Rationale: This case report expands the mutation and phenotypic spectra of Beaulieu-Boycott-Innes syndrome (BBIS), and will be valuable for mutation-based pre- and post-natal screening of BBIS when conducting a genetic diagnosis.
Patient concerns: A 4-year old boy from Guilin City, Guangxi Zhuang Autonomous Region, China, was referred to our clinic for clarification of his diagnosis because he showed moderate intellectual disability.
Diagnosis: Two novel compound heterozygous mutations of THOC6, c.664T>C (p.Trp222Arg) and c.945+1 G>A were identified in this patient by whole exome sequencing. The two mutations were evaluated as pathogenic and likely pathogenic respectively according to the American College of Medical Genetics guidelines. This is the first case displaying the BBIS phenotype reported in the Chinese population. These two mutations have not been reported previously.

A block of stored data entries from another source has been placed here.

(* Let $M$ be a connected surface with null coordinates $(u,v)$ and $\varphi:M\to\mathbb{H}^3_1(-1)$ a conformal timelike immersion with unit normal field $N$. Then the map $\varphi+N:M\to\mathbb{N}$ (hyperbolic Gauss map) is conformal, i.e. $\langle d(\varphi+N),d(\varphi+N)\rangle=\lambda\,\langle d\varphi,d\varphi\rangle$ for some function $\lambda:M\to\mathbb{R}$, if and only if either $H\equiv1$ on $M$ or $\varphi$ is totally umbilic ($Q\equiv R\equiv0$). Likewise, $\varphi-N$ is conformal if and only if $H\equiv-1$ or $\varphi$ is totally umbilic.
   Context: $\mathbb{E}^4_2$ is $\mathbb{R}^4$ with metric $\langle\cdot,\cdot\rangle=-(dx_0)^2-(dx_1)^2+(dx_2)^2+(dx_3)^2$; $\mathbb{H}^3_1(-1)=\{x:\langle x,x\rangle=-1\}$; $\mathbb{N}=\{x\in\mathbb{E}^4_2:\langle x,x\rangle=0\}$ the null cone. Conformal timelike immersion in null coordinates: $\langle\varphi_u,\varphi_u\rangle=\langle\varphi_v,\varphi_v\rangle=0$, $\langle\varphi_u,\varphi_v\rangle=\tfrac12e^{\omega}$. Unit normal: $\langle N,N\rangle=1$, $N\perp\varphi,\varphi_u,\varphi_v$. Mean curvature $H=2e^{-\omega}\langle\varphi_{uv},N\rangle$; Hopf pairs $Q=\langle\varphi_{uu},N\rangle$, $R=\langle\varphi_{vv},N\rangle$; totally umbilic means $Q=R=0$ everywhere. *)

theory Defs
  imports "HOL-Analysis.Analysis"
begin

text \<open>Points of E^4_2 are vectors in real^4; components 1,2,3,4 play the role of x0,x1,x2,x3.\<close>

definition lor :: "real^4 \<Rightarrow> real^4 \<Rightarrow> real" where
  "lor x y = - x$1 * y$1 - x$2 * y$2 + x$3 * y$3 + x$4 * y$4"

definition H31 :: "(real^4) set" where "H31 = {x. lor x x = -1}"
definition nullcone :: "(real^4) set" where "nullcone = {x. lor x x = 0}"

definition fform :: "real^4 \<Rightarrow> real^4 \<Rightarrow> real \<Rightarrow> real \<Rightarrow> real" where
  "fform Xu Xv a b = lor (a *\<^sub>R Xu + b *\<^sub>R Xv) (a *\<^sub>R Xu + b *\<^sub>R Xv)"

definition conformal_rel ::
  "(real\<times>real) set \<Rightarrow> (real\<times>real \<Rightarrow> real^4) \<Rightarrow> (real\<times>real \<Rightarrow> real^4)
     \<Rightarrow> (real\<times>real \<Rightarrow> real^4) \<Rightarrow> (real\<times>real \<Rightarrow> real^4) \<Rightarrow> bool" where
  "conformal_rel U Yu Yv Xu Xv \<longleftrightarrow>
     (\<exists>lam :: real\<times>real \<Rightarrow> real. \<forall>p\<in>U. \<forall>a b.
        fform (Yu p) (Yv p) a b = lam p * fform (Xu p) (Xv p) a b)"

end

theory Submission
  imports Defs
begin

(*
  In the null frame (\<phi>, \<phi>\<^sub>u, \<phi>\<^sub>v, N) the Weingarten equations read
  N\<^sub>u = -H \<phi>\<^sub>u - (2Q/e\<^sup>\<omega>) \<phi>\<^sub>v and N\<^sub>v = -(2R/e\<^sup>\<omega>) \<phi>\<^sub>u - H \<phi>\<^sub>v.
  Hence for c \<noteq> 0 the partials of \<phi> + cN have Lorentzian squares -2c(1 - cH)Q and
  -2c(1 - cH)R, and since \<phi>\<^sub>u, \<phi>\<^sub>v are null, \<phi> + cN is conformal exactly when at every
  point H = 1/c or Q = R = 0 (c = \<plusminus>1 gives the two hyperbolic Gauss maps).

  The global dichotomy on a connected domain follows once H is known to be locally constant on
  every open umbilic set, where dN = -H d\<phi>. Since H is only continuous, this is shown without
  differentiating H: in local coordinates given by a planar projection of \<phi> (inverse function
  theorem) the same projection of N has differential -H times the identity, and a plane map whose
  differential is everywhere a scalar multiple of the identity has a locally constant scalar,
  because that scalar is a partial derivative of each component in one variable while the other
  partial vanishes.
*)

section \<open>The Lorentzian form\<close>

lemma lor_sym: "lor x y = lor y x"
  by (simp add: lor_def algebra_simps)

lemma bounded_bilinear_lor: "bounded_bilinear lor"
proof -
  have "bilinear lor"
    unfolding bilinear_def by (auto intro!: linearI simp: lor_def algebra_simps)
  then show ?thesis
    by (rule bilinear_conv_bounded_bilinear[THEN iffD1])
qed

interpretation lor: bounded_bilinear lor
  by (rule bounded_bilinear_lor)

lemmas lor_linear_simps = lor.add_left lor.add_right lor.diff_left lor.diff_right
  lor.scaleR_left lor.scaleR_right lor.minus_left lor.minus_right lor.zero_left lor.zero_right

lemma fform_expand: "fform A B a b = a * a * lor A A + 2 * a * b * lor A B + b * b * lor B B"
  unfolding fform_def by (simp add: lor_linear_simps lor_sym[of B A] algebra_simps)

lemma conformal_rel_iff_null:
  assumes "\<And>p. p \<in> U \<Longrightarrow> lor (Xu p) (Xu p) = 0" "\<And>p. p \<in> U \<Longrightarrow> lor (Xv p) (Xv p) = 0"
    and "\<And>p. p \<in> U \<Longrightarrow> lor (Xu p) (Xv p) \<noteq> 0"
  shows "conformal_rel U Yu Yv Xu Xv \<longleftrightarrow> (\<forall>p\<in>U. lor (Yu p) (Yu p) = 0 \<and> lor (Yv p) (Yv p) = 0)"
proof
  assume "conformal_rel U Yu Yv Xu Xv"
  then obtain lam where "\<And>p a b. p \<in> U \<Longrightarrow> fform (Yu p) (Yv p) a b = lam p * fform (Xu p) (Xv p) a b"
    unfolding conformal_rel_def by blast
  from this[of _ 1 0] this[of _ 0 1] assms
  show "\<forall>p\<in>U. lor (Yu p) (Yu p) = 0 \<and> lor (Yv p) (Yv p) = 0"
    by (simp add: fform_expand)
next
  assume "\<forall>p\<in>U. lor (Yu p) (Yu p) = 0 \<and> lor (Yv p) (Yv p) = 0"
  with assms show "conformal_rel U Yu Yv Xu Xv"
    unfolding conformal_rel_def
    by (intro exI[of _ "\<lambda>p. lor (Yu p) (Yv p) / lor (Xu p) (Xv p)"]) (auto simp: fform_expand)
qed

lemma lor_frame_expansion:
  fixes a b c d z :: "real^4"
  assumes "lor a a = -1" "lor a b = 0" "lor a c = 0" "lor a d = 0"
    and "lor b b = 0" "lor c c = 0" "lor b c = s" "s \<noteq> 0" "lor b d = 0" "lor c d = 0" "lor d d = 1"
  shows "z = (- lor z a) *\<^sub>R a + (lor z c / s) *\<^sub>R b + (lor z b / s) *\<^sub>R c + lor z d *\<^sub>R d"
proof -
  define coords :: "real^4 \<Rightarrow> real^4" where
    "coords x = (\<chi> i. if i = 1 then lor x a else if i = 2 then lor x b else if i = 3 then lor x c else lor x d)"
    for x
  note frame = assms lor_sym[of b a] lor_sym[of c a] lor_sym[of d a] lor_sym[of c b]
    lor_sym[of d b] lor_sym[of d c]
  have "linear coords"
    unfolding coords_def by (rule linearI) (auto simp: vec_eq_iff forall_4 lor_linear_simps)
  moreover have "surj coords"
  proof (rule surjI)
    fix y :: "real^4"
    show "coords ((- y$1) *\<^sub>R a + (y$3 / s) *\<^sub>R b + (y$2 / s) *\<^sub>R c + y$4 *\<^sub>R d) = y"
      using frame by (simp add: coords_def vec_eq_iff forall_4 lor_linear_simps)
  qed
  ultimately have "inj coords"
    by (simp add: linear_surjective_imp_injective)
  then show ?thesis
    by (rule injD) (use frame in \<open>simp add: coords_def vec_eq_iff forall_4 lor_linear_simps\<close>)
qed

lemma has_derivative_lor:
  assumes "(F has_derivative (\<lambda>h. fst h *\<^sub>R Fu + snd h *\<^sub>R Fv)) (at p)"
    and "(G has_derivative (\<lambda>h. fst h *\<^sub>R Gu + snd h *\<^sub>R Gv)) (at p)"
  shows "((\<lambda>q. lor (F q) (G q)) has_derivative
           (\<lambda>h. fst h * (lor Fu (G p) + lor (F p) Gu) + snd h * (lor Fv (G p) + lor (F p) Gv))) (at p)"
  by (rule has_derivative_eq_rhs[OF lor.FDERIV[OF assms]])
    (auto simp: fun_eq_iff lor_linear_simps algebra_simps)

lemma lor_const_partials:
  assumes "open U" "p \<in> U" and const: "\<And>q. q \<in> U \<Longrightarrow> lor (F q) (G q) = c"
    and "(F has_derivative (\<lambda>h. fst h *\<^sub>R Fu + snd h *\<^sub>R Fv)) (at p)"
    and "(G has_derivative (\<lambda>h. fst h *\<^sub>R Gu + snd h *\<^sub>R Gv)) (at p)"
  shows "lor Fu (G p) + lor (F p) Gu = 0" "lor Fv (G p) + lor (F p) Gv = 0"
proof -
  have "((\<lambda>q. lor (F q) (G q)) has_derivative (\<lambda>h. 0)) (at p)"
    by (rule has_derivative_transform_within_open[OF has_derivative_const \<open>open U\<close> \<open>p \<in> U\<close>])
      (simp add: const)
  from has_derivative_unique[OF has_derivative_lor[OF assms(4,5)] this]
  have "\<And>h. fst h * (lor Fu (G p) + lor (F p) Gu) + snd h * (lor Fv (G p) + lor (F p) Gv) = 0"
    by metis
  from this[of "(1, 0)"] this[of "(0, 1)"]
  show "lor Fu (G p) + lor (F p) Gu = 0" "lor Fv (G p) + lor (F p) Gv = 0"
    by simp_all
qed
(* In the setting of the context, if $a,b\in C$ are distinct and $g\in G_a$ is non-trivial, then $$d_a(b,gb)\ge 2^{\frac{R-2}{\delta}}-4-6\delta.$$
   Context: $X$ is a $\delta$-hyperbolic geodesic metric space ($\delta>0$, every geodesic triangle $\delta$-thin). $G$ acts on $X$ by isometries and $\mathcal{C}=(C,\{G_c\})$ is a $\rho$-separated fairly rotating family with $\rho\ge20\delta$ (i.e. $C\subseteq X$ is $G$-invariant, $G_c$ fixes $c$, $G_{gc}=gG_cg^{-1}$, distinct points of $C$ are at distance $\ge\rho$, and for $c\in C$, $g\in G_c\setminus\{1\}$, $x\in C\setminus\{c\}$ some geodesic from $x$ to $gx$ meets the closed $1$-ball about $c$). Fix $2+2\delta\le R\le\frac\rho2-3\delta$; $B_r(p)$ denotes the open ball. For $p\in C$, $S_p=\{x:d(x,p)=R\}$ with metric $d_{S_p}(x,y)=$ infimum of lengths of paths from $x$ to $y$ in $X\setminus B_R(p)$ (possibly $\infty$). For $x\in C\setminus\{p\}$, $\pi_p(x)\subseteq S_p$ is the set of points where geodesics $[p,x]$ meet $S_p$, and $d_p(x,y)=\operatorname{diam}_{S_p}(\pi_p(x)\cup\pi_p(y))$. *)

theory Defs
  imports "HOL-Analysis.Analysis" "HOL-Algebra.Group"
begin

text \<open>The metric space X is the whole of the type 'a.\<close>

definition geodesic :: "(real \<Rightarrow> 'a::metric_space) \<Rightarrow> 'a \<Rightarrow> 'a \<Rightarrow> bool" where
  "geodesic \<gamma> x y \<longleftrightarrow> \<gamma> 0 = x \<and> \<gamma> (dist x y) = y \<and>
     (\<forall>s\<in>{0..dist x y}. \<forall>t\<in>{0..dist x y}. dist (\<gamma> s) (\<gamma> t) = \<bar>s - t\<bar>)"

definition geodesic_space :: "'a::metric_space itself \<Rightarrow> bool" where
  "geodesic_space _ \<longleftrightarrow> (\<forall>x y::'a. \<exists>\<gamma>. geodesic \<gamma> x y)"

definition gromov_product :: "'a::metric_space \<Rightarrow> 'a \<Rightarrow> 'a \<Rightarrow> real" where
  "gromov_product x y z = (dist x y + dist x z - dist y z) / 2"

definition delta_hyperbolic :: "'a::metric_space itself \<Rightarrow> real \<Rightarrow> bool" where
  "delta_hyperbolic T \<delta> \<longleftrightarrow> geodesic_space T \<and>
     (\<forall>x y z::'a. \<forall>\<alpha> \<beta>. geodesic \<alpha> x y \<longrightarrow> geodesic \<beta> x z \<longrightarrow>
        (\<forall>t. 0 \<le> t \<and> t \<le> gromov_product x y z \<longrightarrow> dist (\<alpha> t) (\<beta> t) \<le> \<delta>))"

Interventions: Symptomatic treatment and rehabilitation training for patients.
Outcomes: The genetic cause of the disease was identified. The family received scientific genetic counseling.
Lessons: BBIS is a rare syndromic autosomal recessive disease with intellectual disability and it is normally difficult for clinicians to recognize it. Whole exome sequencing is an efficient way to identify the gene which causes a particular disease in patients.